I've been with my now husband for over 10yrs and recently married a few months & almost throughout the entire time there has been some form of broken promise about porn. I'm not a prude in fact I'd say I'm pretty open minded and have a high sex drive, so this makes it more confusing to me we've been sooo good lately so I'm boggled by all this & it's more about the broken promises and broken trust that hurts! We've had multiple arguments about it, I've come at him thru every angle, & I know he gets it at the time, & he'll stop doing something But then it'll pop up somewhere else in another form!

Nowadays it is so easy to access some form of porn because of technology. I put a block on his phone so he can't go on any "naughty" sites & I know he threw away all his videos (or so I believe) but then today I discovered that he has searched this porn star on Instagram. Yes it's only pics and nothing more but it's the principal that he made a promise to not look at any form of "porn". How can I trust him?

What should I do, if I confront him we'll prob get into a fight because that's what his initial defense mechanism is & he'll get mad that I'm snooping & always focusing on the bad & we prob won't solve anything until maybe a day or so later.

Or I can say we need to go to counseling (we have been in the past a few times but stopped)? 

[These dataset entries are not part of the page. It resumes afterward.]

(* Let $n>1$ be an integer and $\nu_n(x)=\sum_{d\mid n}\mu(d)\{x/d\}$. Then $$\sum_{a\in U_n}\nu_n(a)\,a=-\frac{n\phi(n)}{4}+n\sum_{d_1\mid n}\sum_{d_2\mid n}\mu(d_1)\mu(d_2)\,s\!\left(\frac{n}{d_1},\frac{n}{d_2}\right).$$
   Context: $U_n$ is the set of positive integers less than $n$ and coprime with $n$; $\{y\}$ is the fractional part; $\mu$ is the Möbius function, $\phi$ Euler's totient function. For positive integers $b,a$ (no coprimality assumed), $s(b,a)=\sum_{k=1}^{a}\left(\left(\frac{kb}{a}\right)\right)\left(\left(\frac{k}{a}\right)\right)$, where $((x))=\{x\}-\tfrac12$ if $x\notin\mathbb{Z}$ and $((x))=0$ if $x\in\mathbb{Z}$. *)

theory Defs
  imports "HOL-Number_Theory.Number_Theory" "HOL-Computational_Algebra.Squarefree"
begin

definition moebius_mu :: "nat \<Rightarrow> int" where
  "moebius_mu d = (if squarefree d then (-1) ^ card (prime_factors d) else 0)"

definition sawtooth :: "real \<Rightarrow> real" where
  "sawtooth x = (if x \<in> \<int> then 0 else frac x - 1/2)"

text \<open>Dedekind sum s(b,a), no coprimality assumed.\<close>
definition dedekind_sum :: "nat \<Rightarrow> nat \<Rightarrow> real" where
  "dedekind_sum b a = (\<Sum>k=1..a. sawtooth (real (k*b) / real a) * sawtooth (real k / real a))"

definition U :: "nat \<Rightarrow> nat set" where
  "U n = {a. 0 < a \<and> a < n \<and> coprime a n}"

definition nu :: "nat \<Rightarrow> real \<Rightarrow> real" where
  "nu n x = (\<Sum>d | d dvd n. real_of_int (moebius_mu d) * frac (x / real d))"

end

theory Submission
  imports Defs
begin

(* Writing s(n/d1, n/d2) as the sum of ((j/d1)) ((j/n)) over the multiples j of d2 in [1, n],
   the double Moebius sum becomes a sum over j in which the d2-sum of mu(d2) over d2 | gcd(j, n)
   is the indicator of gcd(j, n) = 1, while for such j the d1-sum of mu(d1) ((j/d1)) equals
   nu_n(j) + 1/2, because ((x)) = {x} - 1/2 away from the integers and only d1 = 1 divides j.
   What remains are the sums of j and of nu_n(j) over U_n, both evaluated with the reflection
   j -> n - j, under which nu_n(j) becomes -1 - nu_n(j). *)

lemma sum_Pow_minus_one_power_card:
  assumes "finite P" "P \<noteq> {}"
  shows "(\<Sum>S\<in>Pow P. (-1) ^ card S) = (0 :: 'a :: comm_ring_1)"
proof -
  have "card P > 0" using assms by (simp add: card_gt_0_iff)
  then show ?thesis
    using prod_diff_conv_sum[OF assms(1), of "\<lambda>_. 1 :: 'a" "\<lambda>_. 1"] by (simp add: power_0_left)
qed

lemma of_nat_div_of_nat_in_Ints_iff:
  "(real j / real d \<in> \<int>) \<longleftrightarrow> d = 0 \<or> d dvd j"
  using of_int_div_of_int_in_Ints_iff[of "int j" "int d", where 'a=real] by simp

lemma squarefree_prod_prime_factors:
  fixes d :: nat
  assumes "squarefree d"
  shows "\<Prod>(prime_factors d) = d"
proof -
  have "d \<noteq> 0" using assms by (auto intro: Nat.gr0I)
  have "\<Prod>(prime_factors d) = (\<Prod>p\<in>prime_factors d. p ^ multiplicity p d)"
    using assms \<open>d \<noteq> 0\<close> by (intro prod.cong) (auto simp: squarefree_factorial_semiring')
  also have "\<dots> = d" using prod_prime_factors[of d] \<open>d \<noteq> 0\<close> by simp
  finally show ?thesis .
qed

lemma prime_factors_Prod_primes:
  fixes S :: "nat set"
  assumes "finite S" "\<And>p. p \<in> S \<Longrightarrow> prime p"
  shows "prime_factors (\<Prod>S) = S"
proof -
  have "0 \<notin> S" using assms(2) not_prime_0 by blast
  then have "prime_factors (\<Prod>S) = (\<Union>p\<in>S. prime_factors p)"
    using prime_factors_prod[OF assms(1), of id] by simp
  also have "\<dots> = S" using assms(2) by (simp add: prime_prime_factors)
  finally show ?thesis .
qed

lemma squarefree_Prod_primes:
  fixes S :: "nat set"
  assumes "\<And>p. p \<in> S \<Longrightarrow> prime p"
  shows "squarefree (\<Prod>S)"
  using assms by (intro squarefree_prod_coprime) (auto simp: primes_coprime squarefree_prime)

lemma bij_betw_prime_factors_squarefree_divisors:
  fixes m :: nat
  assumes "m > 0"
  shows "bij_betw prime_factors {d. d dvd m \<and> squarefree d} (Pow (prime_factors m))"
proof (rule bij_betw_byWitness[where f' = Prod])
  show "\<forall>d\<in>{d. d dvd m \<and> squarefree d}. \<Prod>(prime_factors d) = d"
    by (simp add: squarefree_prod_prime_factors)
  show "\<forall>S\<in>Pow (prime_factors m). prime_factors (\<Prod>S) = S"
    by (auto intro!: prime_factors_Prod_primes intro: finite_subset)
  show "prime_factors ` {d. d dvd m \<and> squarefree d} \<subseteq> Pow (prime_factors m)"
    using assms dvd_prime_factors[of m] by auto
  show "Prod ` Pow (prime_factors m) \<subseteq> {d. d dvd m \<and> squarefree d}"
  proof safe
    fix S assume S: "S \<subseteq> prime_factors m"
    have "\<Prod>S dvd \<Prod>(prime_factors m)" using S by (intro prod_dvd_prod_subset) auto
    also have "\<dots> dvd (\<Prod>p\<in>prime_factors m. p ^ multiplicity p m)"
      by (intro prod_dvd_prod) (simp add: prime_factors_multiplicity)
    also have "\<dots> = m" using prod_prime_factors[of m] assms by simp
    finally show "\<Prod>S dvd m" .
    show "squarefree (\<Prod>S)" using S by (intro squarefree_Prod_primes) auto
  qed
qed

lemma sum_moebius_mu_divisors:
  assumes "m > 0"
  shows "(\<Sum>d | d dvd m. of_int (moebius_mu d)) = (if m = 1 then 1 else (0 :: 'a :: comm_ring_1))"
proof -
  have "(\<Sum>d | d dvd m. of_int (moebius_mu d)) =
      (\<Sum>d | d dvd m \<and> squarefree d. of_int (moebius_mu d) :: 'a)"
    using assms by (intro sum.mono_neutral_right) (auto simp: moebius_mu_def)
  also have "\<dots> = (\<Sum>d | d dvd m \<and> squarefree d. (-1) ^ card (prime_factors d))"
    by (intro sum.cong) (auto simp: moebius_mu_def)
  also have "\<dots> = (\<Sum>S\<in>Pow (prime_factors m). (-1) ^ card S)"
    using bij_betw_prime_factors_squarefree_divisors[OF assms]
    by (rule sum.reindex_bij_betw)
  also have "\<dots> = (if m = 1 then 1 else 0)"
  proof (cases "m = 1")
    case False
    then have "prime_factors m \<noteq> {}" using assms by (auto simp: prime_factorization_empty_iff)
    from sum_Pow_minus_one_power_card[OF _ this] False show ?thesis by simp
  qed simp
  finally show ?thesis .
qed

lemma sum_moebius_mu_dvd_indicator:
  assumes "n > 0"
  shows "(\<Sum>d | d dvd n. if d dvd j then of_int (moebius_mu d) else 0) =
    (if coprime j n then 1 else (0 :: 'a :: comm_ring_1))"
proof -
  have "(\<Sum>d | d dvd n. if d dvd j then of_int (moebius_mu d) else 0) =
      (\<Sum>d | d dvd gcd j n. of_int (moebius_mu d) :: 'a)"
    using assms by (subst sum.inter_filter[symmetric]) (auto intro!: sum.cong)
  also have "\<dots> = (if gcd j n = 1 then 1 else 0)"
    by (rule sum_moebius_mu_divisors) (use assms in simp)
  finally show ?thesis by (simp only: coprime_iff_gcd_eq_1)
qed

lemma sawtooth_eq_frac: "sawtooth x = frac x - 1/2 + (if x \<in> \<int> then 1/2 else 0)"
  by (simp add: sawtooth_def)

lemma sum_moebius_sawtooth:
  assumes "n > 0"
  shows "(\<Sum>d | d dvd n. real_of_int (moebius_mu d) * sawtooth (real j / real d)) =
    nu n (real j) - (if n = 1 then 1/2 else 0) + (if coprime j n then 1/2 else 0)"
proof -
  let ?M = "\<lambda>d. real_of_int (moebius_mu d)"
  have "(\<Sum>d | d dvd n. ?M d * sawtooth (real j / real d)) =
      (\<Sum>d | d dvd n. ?M d * frac (real j / real d) - ?M d / 2 + (if d dvd j then ?M d else 0) / 2)"
    using assms
    by (intro sum.cong) (auto simp: sawtooth_eq_frac of_nat_div_of_nat_in_Ints_iff algebra_simps)
  also have "\<dots> = nu n (real j) - (\<Sum>d | d dvd n. ?M d) / 2
      + (\<Sum>d | d dvd n. if d dvd j then ?M d else 0) / 2"
    by (simp add: sum.distrib sum_subtractf sum_divide_distrib nu_def)
  also have "\<dots> = nu n (real j) - (if n = 1 then 1/2 else 0) + (if coprime j n then 1/2 else 0)"
    using sum_moebius_mu_divisors[OF assms, where 'a=real]
      sum_moebius_mu_dvd_indicator[OF assms, of j, where 'a=real] by simp
  finally show ?thesis .
qed

lemma nu_reflect:
  assumes "n > 0" "j \<le> n"
  shows "nu n (real (n - j)) =
    (if n = 1 then 1 else 0) - (if coprime j n then 1 else 0) - nu n (real j)"
proof -
  let ?M = "\<lambda>d. real_of_int (moebius_mu d)"
  have frac_reflect:
    "frac (real (n - j) / real d) = 1 - frac (real j / real d) - (if d dvd j then 1 else 0)"
    if "d dvd n" for d
  proof -
    have "real (n - j) / real d = of_int (int (n div d)) + - (real j / real d)"
      using that assms by (auto simp: real_of_nat_div diff_divide_distrib)
    then have "frac (real (n - j) / real d) = frac (- (real j / real d))"
      by (simp only: frac_add_of_int_left)
    then show ?thesis
      using that assms by (auto simp: frac_neg of_nat_div_of_nat_in_Ints_iff)
  qed
  have "nu n (real (n - j)) =
      (\<Sum>d | d dvd n. ?M d - ?M d * frac (real j / real d) - (if d dvd j then ?M d else 0))"
    unfolding nu_def by (intro sum.cong) (auto simp: frac_reflect algebra_simps)
  also have "\<dots> = (\<Sum>d | d dvd n. ?M d) - nu n (real j)
      - (\<Sum>d | d dvd n. if d dvd j then ?M d else 0)"
    by (simp add: sum_subtractf nu_def)
  also have "\<dots> = (if n = 1 then 1 else 0) - (if coprime j n then 1 else 0) - nu n (real j)"
    using sum_moebius_mu_divisors[OF assms(1), where 'a=real]
      sum_moebius_mu_dvd_indicator[OF assms(1), of j, where 'a=real] by simp
  finally show ?thesis .
qed

lemma dedekind_sum_divisors_eq_sum_multiples:
  assumes "n > 0" "d1 dvd n" "d2 dvd n"
  shows "dedekind_sum (n div d1) (n div d2) =
    (\<Sum>j=1..n. if d2 dvd j then sawtooth (real j / real d1) * sawtooth (real j / real n) else 0)"
proof -
  have d: "d1 > 0" "d2 > 0" using assms by (auto intro: Nat.gr0I)
  let ?g = "\<lambda>j. sawtooth (real j / real d1) * sawtooth (real j / real n)"
  have "dedekind_sum (n div d1) (n div d2) = (\<Sum>k=1..n div d2. ?g (k * d2))"
    unfolding dedekind_sum_def using assms d
    by (intro sum.cong) (auto simp: real_of_nat_div field_simps)
  also have "\<dots> = (\<Sum>j | j \<in> {1..n} \<and> d2 dvd j. ?g j)"
  proof (rule sum.reindex_bij_witness[of _ "\<lambda>j. j div d2" "\<lambda>k. k * d2"])
    fix k assume "k \<in> {1..n div d2}"
    then have "k * d2 \<le> n div d2 * d2" "1 \<le> k" by auto
    then show "k * d2 \<in> {j. j \<in> {1..n} \<and> d2 dvd j}"
      using assms d by (auto intro: order_trans)
  next
    fix j assume "j \<in> {j. j \<in> {1..n} \<and> d2 dvd j}"
    then show "j div d2 \<in> {1..n div d2}" using d by (auto intro: div_le_mono)
  qed (use d in auto)
  also have "\<dots> = (\<Sum>j=1..n. if d2 dvd j then ?g j else 0)"
    by (rule sum.inter_filter) simp
  finally show ?thesis .
qed

lemma U_eq_totatives: "n > 1 \<Longrightarrow> U n = totatives n"
  by (auto simp: U_def totatives_def le_less)

lemma card_U_eq_totient: "n > 1 \<Longrightarrow> card (U n) = totient n"
  by (simp add: U_eq_totatives totient_def)

lemma diff_in_U:
  assumes "j \<in> U n"
  shows "n - j \<in> U n"
proof -
  have "gcd (n - j) n = 1" using assms by (simp add: U_def gcd_diff2_nat)
  then have "coprime (n - j) n" by (rule gcd_eq_1_imp_coprime)
  with assms show ?thesis by (auto simp: U_def)
qed

lemma sum_U_reflect: "(\<Sum>j\<in>U n. g j) = (\<Sum>j\<in>U n. g (n - j))"
  by (rule sum.reindex_bij_witness[of _ "\<lambda>j. n - j" "\<lambda>j. n - j"])
    (auto simp: diff_in_U, auto simp: U_def)

lemma sum_U_of_nat: "(\<Sum>j\<in>U n. real j) = real n * real (card (U n)) / 2"
proof -
  have "2 * (\<Sum>j\<in>U n. real j) = (\<Sum>j\<in>U n. real j + real (n - j))"
    using sum_U_reflect[of real n] by (simp add: sum.distrib)
  also have "\<dots> = (\<Sum>j\<in>U n. real n)"
    by (intro sum.cong) (auto simp: U_def)
  finally show ?thesis by (simp add: algebra_simps)
qed

lemma sum_U_nu:
  assumes "n > 1"
  shows "(\<Sum>j\<in>U n. nu n (real j)) = - real (card (U n)) / 2"
proof -
  have "2 * (\<Sum>j\<in>U n. nu n (real j)) = (\<Sum>j\<in>U n. nu n (real j) + nu n (real (n - j)))"
    using sum_U_reflect[of "\<lambda>j. nu n (real j)" n] by (simp add: sum.distrib)
  also have "\<dots> = (\<Sum>j\<in>U n. - 1)"
    using assms by (intro sum.cong) (auto simp: U_def nu_reflect simp del: of_nat_diff)
  finally show ?thesis by simp
qed

lemma sawtooth_div_mem_U:
  assumes "j \<in> U n"
  shows "sawtooth (real j / real n) = real j / real n - 1/2"
proof -
  have "n > 0" "\<not> n dvd j" using assms by (auto simp: U_def dest: nat_dvd_not_less)
  moreover have "frac (real j / real n) = real j / real n" using assms by (simp add: U_def)
  ultimately show ?thesis using assms by (simp add: sawtooth_eq_frac of_nat_div_of_nat_in_Ints_iff)
qed

lemma sum_moebius_dedekind_sums:
  assumes "n > 1"
  shows "(\<Sum>d1 | d1 dvd n. \<Sum>d2 | d2 dvd n.
      real_of_int (moebius_mu d1 * moebius_mu d2) * dedekind_sum (n div d1) (n div d2)) =
    (\<Sum>j\<in>U n. (nu n (real j) + 1/2) * (real j / real n - 1/2))"
proof -
  let ?M = "\<lambda>d. real_of_int (moebius_mu d)"
  let ?s1 = "\<lambda>j d1. ?M d1 * sawtooth (real j / real d1)"
  let ?s2 = "\<lambda>j d2. if d2 dvd j then ?M d2 else 0"
  let ?sn = "\<lambda>j. sawtooth (real j / real n)"
  let ?D = "{d. d dvd n}"
  have "(\<Sum>d1\<in>?D. \<Sum>d2\<in>?D. ?M d1 * ?M d2 * dedekind_sum (n div d1) (n div d2))
      = (\<Sum>d1\<in>?D. \<Sum>d2\<in>?D. \<Sum>j=1..n. ?s1 j d1 * ?s2 j d2 * ?sn j)"
    using assms by (intro sum.cong refl)
      (auto simp: dedekind_sum_divisors_eq_sum_multiples sum_distrib_left intro!: sum.cong)
  also have "\<dots> = (\<Sum>j=1..n. \<Sum>d1\<in>?D. \<Sum>d2\<in>?D. ?s1 j d1 * ?s2 j d2 * ?sn j)"
    by (subst sum.swap, subst (2) sum.swap) (rule refl)
  also have "\<dots> = (\<Sum>j=1..n. (\<Sum>d1\<in>?D. ?s1 j d1) * (\<Sum>d2\<in>?D. ?s2 j d2) * ?sn j)"
    by (intro sum.cong refl) (subst sum_product, simp only: sum_distrib_right)
  also have "\<dots> = (\<Sum>j=1..n. if coprime j n then (\<Sum>d1\<in>?D. ?s1 j d1) * ?sn j else 0)"
    using assms by (intro sum.cong refl) (simp add: sum_moebius_mu_dvd_indicator)
  also have "\<dots> = (\<Sum>j\<in>U n. (\<Sum>d1\<in>?D. ?s1 j d1) * ?sn j)"
  proof -
    have "U n = {j \<in> {1..n}. coprime j n}"
      using assms by (auto simp: U_eq_totatives totatives_def)
    then show ?thesis by (simp only:) (rule sum.inter_filter[symmetric], simp)
  qed
  also have "\<dots> = (\<Sum>j\<in>U n. (nu n (real j) + 1/2) * (real j / real n - 1/2))"
    using assms by (intro sum.cong refl) (auto simp: sum_moebius_sawtooth sawtooth_div_mem_U U_def)
  finally show ?thesis by simp
qed

theorem mainTheorem10:
  fixes n :: nat
  assumes "n > 1"
  shows "(\<Sum>a\<in>U n. nu n (real a) * real a) =
    - (real n * real (totient n)) / 4
    + real n * (\<Sum>d1 | d1 dvd n. \<Sum>d2 | d2 dvd n.
        real_of_int (moebius_mu d1 * moebius_mu d2) * dedekind_sum (n div d1) (n div d2))"
proof -
  have expand: "real n * ((nu n (real j) + 1/2) * (real j / real n - 1/2)) =
      nu n (real j) * real j - real n / 2 * nu n (real j) + real j / 2 - real n / 4" for j
    using assms by (simp add: field_simps)
  have "real n * (\<Sum>j\<in>U n. (nu n (real j) + 1/2) * (real j / real n - 1/2)) =
      (\<Sum>j\<in>U n. nu n (real j) * real j - real n / 2 * nu n (real j) + real j / 2 - real n / 4)"
    unfolding sum_distrib_left expand ..
  also have "\<dots> = (\<Sum>j\<in>U n. nu n (real j) * real j) - real n / 2 * (\<Sum>j\<in>U n. nu n (real j))
      + (\<Sum>j\<in>U n. real j) / 2 - real n / 4 * real (card (U n))"
    by (simp add: sum.distrib sum_subtractf sum_distrib_left sum_divide_distrib)
  also have "\<dots> = (\<Sum>j\<in>U n. nu n (real j) * real j) + real n * real (totient n) / 4"
    using assms by (simp add: sum_U_nu sum_U_of_nat card_U_eq_totient)
  finally show ?thesis using sum_moebius_dedekind_sums[OF assms] by simp
qed

end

Or should I just leave him a note about how I'm fed up that he broke yet another promise about this situation & not come home? (& trust me there's other stuff that has happen to lead me to being this way, it's not just what I've mentioned) I feel like not coming home to teach him a lesson but will I only make things worse? I'm new to this marriage thing & so use to being just a girlfriend that I don't know what the right thing to do is...can someone lend some advice?


----------



## PBear

Why the hell did you marry him when this has been an issue throughout your 10 year relationship? 

C
_Posted via Mobile Device_


----------



## summone

Because it wasn't a major issue I guess. It was just that I caught him with videos after he threw them away. Then he'd be good for months-years. Then I broke up with him for a couple of years cuz of other issues & since we've been back it has been a major problem and lessen as time went on ..I relate it to my addiction to cigarettes, I have been off/on w/ it for years and I can quit 100% at times and others I have to have 1 or 2 .........to answer your question I guess I believe him everytime he promises or I want to believe it so badly cuz I love him so much & I'm trustworthy and stupid like that I guess.


----------



## richie33

What compromise could possible be made? Would you open to watching it with him? DVDs but no Internet porn? 
Is he rejecting you and using porn instead? Husband may have a totally different definition what porn is than you do.


----------



## summone

richie33 said:


> What compromise could possible be made? Would you open to watching it with him? DVDs but no Internet porn?
> Is he rejecting you and using porn instead? Husband may have a totally different definition what porn is than you do.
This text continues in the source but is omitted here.